Records for this task below:
theorem mainTheorem1:
  fixes N NS NL :: nat
    and cp cm :: "nat \<Rightarrow> nat" \<comment> \<open>the cells c_m^+ and c_m^- of edge m\<close>
    and va vb :: "nat \<Rightarrow> nat" \<comment> \<open>the two endpoints of edge m\<close>
    and s :: "nat \<Rightarrow> real" \<comment> \<open>orientation sign of edge m\<close>
    and US VS UL VL :: "real mat" and \<sigma>S \<sigma>L :: "nat \<Rightarrow> real"
    and n m :: nat
  assumes cells: "\<And>e. e < N \<Longrightarrow> cp e < NS \<and> cm e < NS \<and> cp e \<noteq> cm e"
    and verts: "\<And>e. e < N \<Longrightarrow> va e < NL \<and> vb e < NL \<and> va e \<noteq> vb e"
    and signs: "\<And>e. e < N \<Longrightarrow> s e = 1 \<or> s e = -1"
    and orth: "transpose_mat (star_mat N NS cp cm) * loop_mat N NL va vb s = 0\<^sub>m NS NL"
    and svdS: "is_svd (star_mat N NS cp cm) US \<sigma>S VS"
    and svdL: "is_svd (loop_mat N NL va vb s) UL \<sigma>L VL"
    and n: "1 \<le> n" "n \<le> NS"
    and m: "1 \<le> m" "m \<le> NL"
  shows "transpose_mat (filt_mat (star_mat N NS cp cm) VS \<sigma>S n)
           * filt_mat (loop_mat N NL va vb s) VL \<sigma>L m = 0\<^sub>m NS NL"
proof -
  let ?S = "star_mat N NS cp cm" and ?L = "loop_mat N NL va vb s"
  have S: "?S \<in> carrier_mat N NS" by (simp add: star_mat_def)
  have L: "?L \<in> carrier_mat N NL" by (simp add: loop_mat_def)
  obtain M where M: "M \<in> carrier_mat NS NS" "filt_mat ?S VS \<sigma>S n = ?S * M"
    using filt_mat_right_factor [OF svdS] S by auto
  obtain K where K: "K \<in> carrier_mat NL NL" "filt_mat ?L VL \<sigma>L m = ?L * K"
    using filt_mat_right_factor [OF svdL] L by auto
  show ?thesis
    unfolding M(2) K(2) by (rule transpose_mult_right_factors_eq_0 [OF orth S L M(1) K(1)])
qed

end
End of Records for this task.
(What needs to be done) What lines in the data above carry "svdS"? Return them all.

(Answer space)
    and svdS: "is_svd (star_mat N NS cp cm) US \<sigma>S VS"
    using filt_mat_right_factor [OF svdS] S by auto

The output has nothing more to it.